Research headed by Dr. Mitsuhiro Ebara, International Center for Materials Nanoarchitectonics, National

Institute for Materials Science (NIMS), has developed a “smart” nanofiber mesh that simultaneously

generates heat and releases chemo drugs in a controlled manner (66).

The nanofiber mesh combines a heat-responsive polymer, magnetic nanoparticles and anti-cancer drugs.

The magnetic nanoparticles, which are a self-heating substance, enable heating of the fibers by applying

an alternating magnetic field. In this process, the nanoparticles vibrate rapidly and generate heat causing

the temperature-responsive polymer to release the anti-cancer drug. This combination therapy has not yet

left the laboratory but there are lots of hope that this technology will improve tumor treatment in the future..



6. The Japanese Nanomedicine Industry

6. 1. Business Model

Nanomedicine start-ups and small-medium enterprises have driven the innovation process, not only in US

and Europe but also in Japan.

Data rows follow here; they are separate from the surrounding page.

lemma lipschitz_density_ge_on_ball:
  fixes g :: "'a::euclidean_space \<Rightarrow> real"
  assumes [measurable]: "g \<in> borel_measurable borel" "A \<in> sets borel"
    and lip: "C1-lipschitz_on UNIV g"
    and nonnull: "emeasure (density lborel (\<lambda>x. ennreal (g x))) A \<noteq> 0"
  shows "\<exists>\<delta> c \<rho>. 0 < \<delta> \<and> 0 < \<rho> \<and> 2 * C1 * \<rho> \<le> \<delta> \<and> (\<forall>z\<in>ball c \<rho>. 3 * \<delta> \<le> g z)
                 \<and> emeasure lborel (A \<inter> ball c \<rho>) \<noteq> 0"
proof -
  have C1: "0 \<le> C1" using lip by (rule lipschitz_on_nonneg)
  obtain \<delta>' R where \<delta>': "0 < \<delta>'" and E: "emeasure lborel (A \<inter> {x. \<delta>' < g x} \<inter> cball 0 R) \<noteq> 0"
    using nonnull_superlevel_in_cball[OF assms(1,2) nonnull] by blast
  define \<delta> \<rho> where "\<delta> = \<delta>' / 4" and "\<rho> = \<delta> / (2 * (C1 + 1))"
  have \<delta>: "0 < \<delta>" and \<rho>: "0 < \<rho>" using \<delta>' C1 by (simp_all add: \<delta>_def \<rho>_def)
  have \<rho>C1: "2 * C1 * \<rho> \<le> \<delta>"
    using \<delta> C1 by (simp add: \<rho>_def field_simps)
  obtain c where c: "emeasure lborel ((A \<inter> {x. \<delta>' < g x} \<inter> cball 0 R) \<inter> ball c \<rho>) \<noteq> 0"
    using nonnull_bounded_set_meets_ball[OF _ _ E \<rho>] by (auto simp: bounded_Int)
  then obtain y where y: "y \<in> ball c \<rho>" "\<delta>' < g y"
    by (metis Int_iff emeasure_empty equals0I mem_Collect_eq)
  have "3 * \<delta> \<le> g z" if "z \<in> ball c \<rho>" for z
    using lipschitz_on_ball_oscillation[OF lip y(1) that] \<rho>C1 y(2) \<delta>_def by linarith
  moreover have "emeasure lborel (A \<inter> ball c \<rho>) \<noteq> 0"
  proof -
    have "emeasure lborel (A \<inter> {x. \<delta>' < g x} \<inter> cball 0 R \<inter> ball c \<rho>) \<le> emeasure lborel (A \<inter> ball c \<rho>)"
      by (intro emeasure_mono) auto
    with c show ?thesis by (auto simp: le_zero_eq)
  qed
  ultimately show ?thesis using \<delta> \<rho> \<rho>C1 by blast
qed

The commercialization of nanopharmaceuticals have basically followed three

types of business models (67), such as:

Development of a nanotechnology platform used to add value to second-party products

Development and manufacturing of high-value materials for the pharmaceutical industry

Development of nanotechnology-improved pharmaceuticals or medical devices

The majority of start-ups has adopted the third business model utilizing nanotechnology to develop own

proprietary product pipelines. Often such companies introduce new or standard drugs that are delivered

with a drug delivery system. Then they try to team up with pharmaceutical companies that take the

products through the clinical trials.

In Japan, NanoCarrier, LTT Bio-Pharma and Mebiopharm are using this business model.

6.2. Japanese Players

The key Japanese players are briefly profiled in this chapter. The players can be classified into two groups:

start-up companies that develop nanomedicine drug delivery systems such as NanoCarrier, LTT Bio-

Pharma and Mebiopharm, and pharmaceutical companies that utilize drug delivery technology platforms.

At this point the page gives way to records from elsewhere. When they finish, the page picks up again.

(* Let $d\ge1$, $\eta>0$, and let $\mathcal{D}$ be the distribution on $\mathbb{R}^d\times\{-1,+1\}$ with $y$ uniform on $\{-1,+1\}$, $\bm{\mu}=(\eta,\dots,\eta)$, $\bm{x}\mid y=+1\sim\mathcal{N}(\bm{\mu},I)$ and $\bm{x}\mid y=-1\sim\mathcal{N}(-\bm{\mu},I)$. Let $0<\epsilon_{-1}<\epsilon_{+1}<\eta$ and $0<\epsilon<\eta$. Consider linear classifiers $f(\bm{x})=\operatorname{sign}(\bm{w}^\top\bm{x}+b)$ with $\|\bm{w}\|_2=1$, $b\in\mathbb{R}$. Let $f_{rob}$ minimize the class-dependent robust error $\Pr(\exists\bm{\delta},\|\bm{\delta}\|_\infty\le\epsilon_y: f(\bm{x}+\bm{\delta})\ne y)$, and let $f_{rob,\epsilon}$ minimize the robust error $\Pr(\exists\bm{\delta},\|\bm{\delta}\|_\infty\le\epsilon: f(\bm{x}+\bm{\delta})\ne y)$ with the same margin $\epsilon$ for both classes. For a classifier $f$ let $\mathcal{R}_{rob,\epsilon}(f\mid y)=\Pr(\exists\bm{\delta},\|\bm{\delta}\|_\infty\le\epsilon: f(\bm{x}+\bm{\delta})\ne y\mid y)$. Then $$\mathcal{R}_{rob,\epsilon}(f_{rob}\mid -1)-\mathcal{R}_{rob,\epsilon}(f_{rob,\epsilon}\mid -1)>\mathcal{R}_{rob,\epsilon}(f_{rob}\mid +1)-\mathcal{R}_{rob,\epsilon}(f_{rob,\epsilon}\mid +1).$$
   Context: $I$ denotes the $d\times d$ identity matrix. *)

theory Defs
  imports "HOL-Probability.Probability"
begin

definition gauss_cond :: "real \<Rightarrow> real \<Rightarrow> (real ^ 'd::finite) measure" where
  "gauss_cond eta y = density lborel (\<lambda>x. \<Prod>i\<in>UNIV. normal_density (y * eta) 1 (x $ i))"

definition lin_clf :: "real ^ 'd::finite \<Rightarrow> real \<Rightarrow> real ^ 'd \<Rightarrow> real" where
  "lin_clf w b x = sgn (w \<bullet> x + b)"

definition rob_err_cond :: "real \<Rightarrow> real ^ 'd::finite \<Rightarrow> real \<Rightarrow> real \<Rightarrow> real \<Rightarrow> real" where
  "rob_err_cond eta w b e y =
     measure (gauss_cond eta y)
       {x. \<exists>\<delta>::real ^ 'd. (\<forall>i. \<bar>\<delta> $ i\<bar> \<le> e) \<and> lin_clf w b (x + \<delta>) \<noteq> y}"

definition rob_err_cd :: "real \<Rightarrow> real \<Rightarrow> real \<Rightarrow> real ^ 'd::finite \<Rightarrow> real \<Rightarrow> real" where
  "rob_err_cd eta e_pos e_neg w b =
     (1/2) * rob_err_cond eta w b e_pos 1 + (1/2) * rob_err_cond eta w b e_neg (-1)"

definition is_rob_minimizer :: "real \<Rightarrow> real \<Rightarrow> real \<Rightarrow> real ^ 'd::finite \<Rightarrow> real \<Rightarrow> bool" where
  "is_rob_minimizer eta e_pos e_neg w b \<longleftrightarrow>
     norm w = 1 \<and>
     (\<forall>(w'::real ^ 'd) b'. norm w' = 1 \<longrightarrow> rob_err_cd eta e_pos e_neg w b \<le> rob_err_cd eta e_pos e_neg w' b')"

end

theory Submission
  imports Defs
begin

(* Given y, the projection w . x of a sample onto a unit vector w is N(y eta 1'w, 1), and the
   worst l_inf perturbation of radius e moves it by e |w|_1 towards the decision boundary, so
   R_rob,e(f | y) = Phi(e |w|_1 - y b - eta 1'w).  Writing the class-dependent robust error as
   (Phi(-h - t) + Phi(-h + t)) / 2 with h = eta 1'w - (e_pos + e_neg)/2 |w|_1 and
   t = b - (e_pos - e_neg)/2 |w|_1, we have h <= (eta - (e_pos + e_neg)/2) sqrt d because
   1'w <= |w|_1 <= sqrt d, and Phi(-h - t) + Phi(-h + t) > 2 Phi(-h) for h > 0, t ~= 0 since the
   Gaussian density grows towards 0.  Hence every minimizer has 1'w = |w|_1 = sqrt d and
   b = (e_pos - e_neg)/2 sqrt d.  So f_rob has bias b > 0 and f_rob,eps has bias 0, and with
   c = (eps - eta) sqrt d the claim reads Phi(c + b) - Phi(c) > Phi(c - b) - Phi(c). *)

section \<open>The standard normal distribution function\<close>

definition Phi :: "real \<Rightarrow> real" where
  "Phi = cdf std_normal_distribution"

lemma continuous_on_normal_density: "0 < \<sigma> \<Longrightarrow> continuous_on A (normal_density \<mu> \<sigma>)"
  unfolding normal_density_def by (intro continuous_intros) simp

lemma Phi_diff:
  assumes "a \<le> x"
  shows "Phi x - Phi a = integral {a..x} std_normal_density"
proof (cases "a = x")
  case False
  interpret N: real_distribution std_normal_distribution
    by (rule real_dist_normal_dist)
  have I: "(std_normal_density has_integral integral {a..x} std_normal_density) {a..x}"
    by (intro integrable_integral integrable_continuous_interval continuous_on_normal_density) simp
  from I have "(std_normal_density has_integral integral {a..x} std_normal_density) {a<..x}"
    by (rule has_integral_spike_set_eq[THEN iffD1, rotated 2])
       (auto intro: negligible_subset[of "{a}"])
  then have "emeasure std_normal_distribution {a<..x} = integral {a..x} std_normal_density"
    by (simp add: emeasure_density nn_integral_has_integral_lebesgue')
  then show ?thesis
    using N.cdf_diff_eq[of a x] assms False has_integral_nonneg[OF I]
    by (simp add: Phi_def measure_def)
qed simp

lemma Phi_has_real_derivative: "(Phi has_real_derivative std_normal_density x) (at x)"
proof -
  have "((\<lambda>u. integral {x - 1..u} std_normal_density) has_real_derivative std_normal_density x)
      (at x within {x - 1..x + 1})"
    by (rule integral_has_real_derivative) (auto intro: continuous_on_normal_density)
  then have "((\<lambda>u. integral {x - 1..u} std_normal_density) has_real_derivative std_normal_density x)
      (at x)"
    by (subst (asm) at_within_interior) auto
  then have "((\<lambda>u. Phi (x - 1) + integral {x - 1..u} std_normal_density)
      has_real_derivative std_normal_density x) (at x)"
    using DERIV_add[OF DERIV_const] by simp
  then show ?thesis
  proof (rule has_field_derivative_transform_within_open[where S = "{x - 1<..}"])
    show "Phi (x - 1) + integral {x - 1..u} std_normal_density = Phi u" if "u \<in> {x - 1<..}" for u
      using Phi_diff[of "x - 1" u] that by simp
  qed auto
qed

6.3. NanoCarrier Co., Ltd.

NanoCarrier (36 employees), established in 1996, in-licenses intellectual proprietary rights and carries outs

joint research with universities and research institutes. The business model is to find existing therapeutic

drugs that are potent but lacking carriers for effective drug delivery.

NanoCarrier develops new drug components using its micellar nanoparticle technology. This technology is

based on world-class basic research made by Prof. Kataoka who is one of the founding members of

NanoCarrier. Through this connection, the company has continuously been able to get access to new

technological development from Todai TLO (Technology Licensing Organization of the University of Tokyo

(68). The University of Tokyo (Todai) commercializes discoveries made by its researchers through this

organization.

Depending on the results of the initial research, NanoCarrier may conclude a joint–research agreement

with a business partner that finds the micellar nanoparticle technology interesting. If the evaluation of the

drug formulation by the partner is favourable, then the drug is usually outsourced.

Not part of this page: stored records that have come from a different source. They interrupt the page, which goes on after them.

lemma root: "v0 \<in> V" "v0 \<in> V \<union> A"
  using pseudo_root unfolding pseudo_root_def by auto

lemma X_arrows: "X \<subseteq> A" "X \<subseteq> V \<union> A"
  using X_subset by auto

lemma restricted_cells: "sV \<subseteq> V" "S \<subseteq> V \<union> A" "finite S" "nv \<subseteq> sV"
  using X_arrows finite_cells finite_subset unfolding subV_def newv_def by auto

lemma set_gamma_root_arrow: "\<alpha> \<in> X \<Longrightarrow> set (\<gamma> v0 \<alpha>) \<subseteq> sV \<union> {\<alpha>}"
proof
  fix u assume \<alpha>: "\<alpha> \<in> X" and u: "u \<in> set (\<gamma> v0 \<alpha>)"
  note path = gamma_path[OF root(2) set_mp[OF X_arrows(2) \<alpha>]]
  show "u \<in> sV \<union> {\<alpha>}"
  proof (cases "u \<in> A")
    case True
    then have "u = v0 \<or> u = \<alpha>" using arrow_end_of_path[OF True _ u] path by simp
    then show ?thesis using True root disjoint by auto
  next
    case False
    then have "u \<in> V" using set_gamma_subset[OF root(2)] X_arrows(2) \<alpha> u by auto
    then show ?thesis unfolding subV_def using u \<alpha> by auto
  qed
qed

lemma root_in_restriction: "v0 \<in> sV"
proof -
  obtain \<alpha> where "\<alpha> \<in> X" using X_ne by blast
  then show ?thesis unfolding subV_def using root ends_in_gamma[OF root(2)] X_arrows(2) by blast
qed

lemma gamma_root_in_restriction:
  assumes "u \<in> S"
  shows "set (edge_list (\<gamma> v0 u)) \<subseteq> sE" "set (\<gamma> v0 u) \<subseteq> S"
proof -
  obtain \<alpha> where \<alpha>: "\<alpha> \<in> X" "u \<in> set (\<gamma> v0 \<alpha>)"
    using assms ends_in_gamma[OF root(2)] X_arrows(2) unfolding subV_def by blast
  then obtain xs ys where split: "\<gamma> v0 \<alpha> = xs @ u # ys" by (meson split_list)
  have "\<alpha> \<in> V \<union> A" using X_arrows(2) \<alpha>(1) by blast
  then have prefix: "\<gamma> v0 u = xs @ [u]" using gamma_prefix[OF root(2) _ split] by blast
  have "set (edge_list (\<gamma> v0 \<alpha>)) \<subseteq> sE" unfolding subE_def path_edges_eq using \<alpha>(1) by auto
  then show "set (edge_list (\<gamma> v0 u)) \<subseteq> sE"
    unfolding prefix using split edge_list_append[of xs u ys] by auto
  show "set (\<gamma> v0 u) \<subseteq> S" using set_gamma_root_arrow[OF \<alpha>(1)] \<alpha>(1) split prefix by auto
qed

Main pipelines under development are: Paclitaxel Micelle (NK105 which is out-licensed to Nippon Kayaku),

Nanoplatin (NC-6004), DACH-Platin Guiding Micelle (NC-4016) and Epirubicin Micelle (NC-6300). Ongoing

clinical trials seem to be progressing smoothly.

New pipelines include in-house research on siRNA (small interfering RNA) and sensor-incorporated

micelles.

In 2011, NanoCarrier signed a joint research agreement with Kyoto University, aiming to create new nucleic

acid drugs to be loaded into its micellar nanocarriers. And in 2012, it concluded a collaborative research

agreement with Eisai Co., Ltd. (69). The purpose is to look at ways to adopt its nanoparticle technology with

Eisai’s pharmaceutical products.

High development costs coupled with low sales have resulted in recurring net losses during many years. In

March 2013 (FY2012), the net loss was 484 million yen. In March 2012, the net loss was 398 million yen

and 555 million yen in March 2011 (70). The sales in FY2012 amounted to 374 million yen.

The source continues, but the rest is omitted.